Angels of Destruction

“But the other Angels of Destruction?” her niece asked.

“All captured, except for you, and none of them mentioned your name. Two were caught trying to sneak into Canada on the Vancouver ferry. Another one arrested at Berkeley for threatening President Ford. The others got away for two or three years, but they're all gone, done their time I expect, probably out of jail already.”

“I don't want to go to jail. I'm worried about getting caught if I go home.”

Maya raised her glass. “It could work, you know, if you're careful. Follow the rules. Stay low, keep to yourself, don't talk to strangers. You've been underground so long they have you buried. You've become Mary Gavin, and for all anyone knows that's who you are.”

“To Mary Gavin.” Diane joined the toast. A sip remained in her chalice. The three glasses chimed, waking the dogs beneath the table.





14





A note and accompanying flyer had been sent home with the schoolchildren announcing, in rhetoric bordering on the hysteric, a case of head lice in the first grade. Precautions were spelled out in graphic detail, complete with a close-up illustration of a louse, so Margaret made Norah wash her hair, rinse and repeat, and sit under a strong light for a thorough combing and inspection of the girl's scalp. Norah knelt and fidgeted with her nails while the teeth glided through her still-wet hair. From the easy chair, Margaret concentrated on the simple task, taking care not to snag the comb on the tangles of split ends and marveling at the ragged lengths. With each stroke, the pain in her hands flared, but she persisted. “Who attacked you with the scissors, darling? This is all hacked and uneven back here.”

“I cut my own hair.”

“We'll get you a proper haircut.” She smoothed the girl's head with her free palm. “Maybe in time for Easter. When the weather gets warm, you won't be able to hide under a hood.”

“I never pay much attention, just snip and you're done.”

Margaret cupped her hand around the nape of the girl's neck and bent around to peer into her pale eyes.

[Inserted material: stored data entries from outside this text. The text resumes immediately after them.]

lemma borel_measurable_stoch_int_exp:
  fixes X :: "real \<Rightarrow> 'a \<Rightarrow> real"
  assumes cont: "\<forall>\<omega>\<in>space M. continuous_on {0..} (\<lambda>t. X t \<omega>)"
    and meas: "\<And>t. 0 \<le> t \<Longrightarrow> X t \<in> borel_measurable M"
  shows "(\<lambda>p. stoch_int (\<lambda>s. exp (- \<mu> * (max 0 (fst p) - s))) X (max 0 (fst p)) (snd p))
           \<in> borel_measurable (lborel \<Otimes>\<^sub>M M)"
proof -
  have X_at: "(\<lambda>p. X (max 0 (fst p) * real j / real n) (snd p)) \<in> borel_measurable (lborel \<Otimes>\<^sub>M M)"
    for j n
  proof -
    have "(\<lambda>p::real \<times> 'a. (max 0 (fst p) * real j / real n, snd p))
        \<in> measurable (lborel \<Otimes>\<^sub>M M) (lborel \<Otimes>\<^sub>M M)"
      by measurable
    from measurable_compose[OF this borel_measurable_continuous_process[OF cont meas]]
    show ?thesis by simp
  qed
  have "(\<lambda>p. riemann_sum (\<lambda>s. exp (- \<mu> * (max 0 (fst p) - s))) X (max 0 (fst p)) n (snd p))
      \<in> borel_measurable (lborel \<Otimes>\<^sub>M M)" for n
    unfolding riemann_sum_def
    by (intro borel_measurable_sum borel_measurable_times borel_measurable_diff X_at) measurable
  then show ?thesis
    unfolding stoch_int_eq_lim_riemann_sum by (rule borel_measurable_lim_metric)
qed

lemma Linf_norm_phi_sum_le:
  fixes a :: "nat \<Rightarrow> real"
  shows "(Linf_norm (\<lambda>x. \<Sum>k=1..N. a k * phi k x))\<^sup>2 \<le> 2 * (\<Sum>k=1..N. \<bar>a k\<bar>)\<^sup>2"
proof -
  define B where "B = sqrt 2 * (\<Sum>k=1..N. \<bar>a k\<bar>)"
  have bound: "\<bar>\<Sum>k=1..N. a k * phi k x\<bar> \<le> B" for x
  proof -
    have "\<bar>\<Sum>k=1..N. a k * phi k x\<bar> \<le> (\<Sum>k=1..N. \<bar>a k\<bar> * \<bar>phi k x\<bar>)"
      using sum_abs[of "\<lambda>k. a k * phi k x" "{1..N}"] by (simp add: abs_mult)
    also have "\<dots> \<le> (\<Sum>k=1..N. \<bar>a k\<bar> * sqrt 2)"
      by (intro sum_mono mult_left_mono) (auto simp: phi_def abs_mult)
    finally show ?thesis
      by (simp add: B_def sum_distrib_left mult.commute)
  qed
  have "Linf_norm (\<lambda>x. \<Sum>k=1..N. a k * phi k x) \<le> B"
    unfolding Linf_norm_def using bound by (intro cSUP_least) auto
  moreover have "0 \<le> Linf_norm (\<lambda>x. \<Sum>k=1..N. a k * phi k x)"
    unfolding Linf_norm_def using bound
    by (intro cSUP_upper2[of _ _ "1/2"] bdd_aboveI2[where M = B]) auto
  ultimately have "(Linf_norm (\<lambda>x. \<Sum>k=1..N. a k * phi k x))\<^sup>2 \<le> B\<^sup>2"
    by (intro power_mono)
  then show ?thesis
    by (simp add: B_def power_mult_distrib)
qed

The bruise on her face was fading and had split in two. Barely touching a fingertip to the cheekbone, she traced the contours of the mark, remembering through the smoothness of her skin, remembering a girl through the whiteness in her eyes and the specked irises, remembering through the fineness of her hair, the delicate fretwork of bone and musculature. She was not resurrecting Erica, but lost in her own childhood, beholding her reflection. As a child, she had an ardent faith, said her prayers before every meal, before bedtime, prayers of thanksgiving or supplication. As a child, she readily believed in angels, guardians at her shoulder, Gabriel to Mary, avenging Michael, the angel of Exodus, sent ahead to protect the chosen people. But she had not thought about such things for decades, only the twisted version of Wiley Rinnick's delusions. And then, the one who visited her in her grief, the man in the fedora, who seemed at times to her an outcast from heaven, now that heaven had closed. Nothing left to believe, faint echoes of a forgotten faith until this girl, Norah, dropped from the sky. She was new and freshly scrubbed. The bottoms of her feet were puckered with ripples of loose skin. A scab on her ankle had fallen off in the tub and left a clear pink spot the size of a dime.

Margaret folded back the collar of the child's robe. “What do you say we go shopping soon? You could use some new clothes, and I'd like to take you downtown to Pittsburgh, maybe go to the zoo or the children's museum.” She pictured them holding hands as they crossed the street. “And maybe this summer, I can take you to the beach where I went when I was your age.”

Norah interrupted her reverie. “Where I come from, there was no one to cut my hair, so I just reached around with the scissors. I learned to take care of myself.”

“You certainly did, and you did a good job. But I'm here now, and I'd like you to feel at home, and if you need a haircut or want to get a proper dress for Easter, or maybe go somewhere for a special occasion, you just let me know.”

“Easter is a long way off.”

“Not so long at all. Spring will be here before you know it, and summer. Maybe we could ask your little friend along.”

“You have been very kind to me, Mrs. Quinn. I wish I could stay with you.”

“You must call me Gramma, like when my sister was here. All the time now. My home is your home.”

The child threw out her arms and hugged Margaret around the neck. The scent of baby shampoo filled the air. Margaret spoke cheek to cheek. “I want to tell you something, not because I expect any answer, but because sometimes you just need to say it, do you understand? I love you.”

The girl squeezed more tightly, nearly choking her, and said something that Margaret could not hear, she could not hear any sound but the pounding of her own heart, and the whisper of the oceans from the girl's lips into the shell of her ear.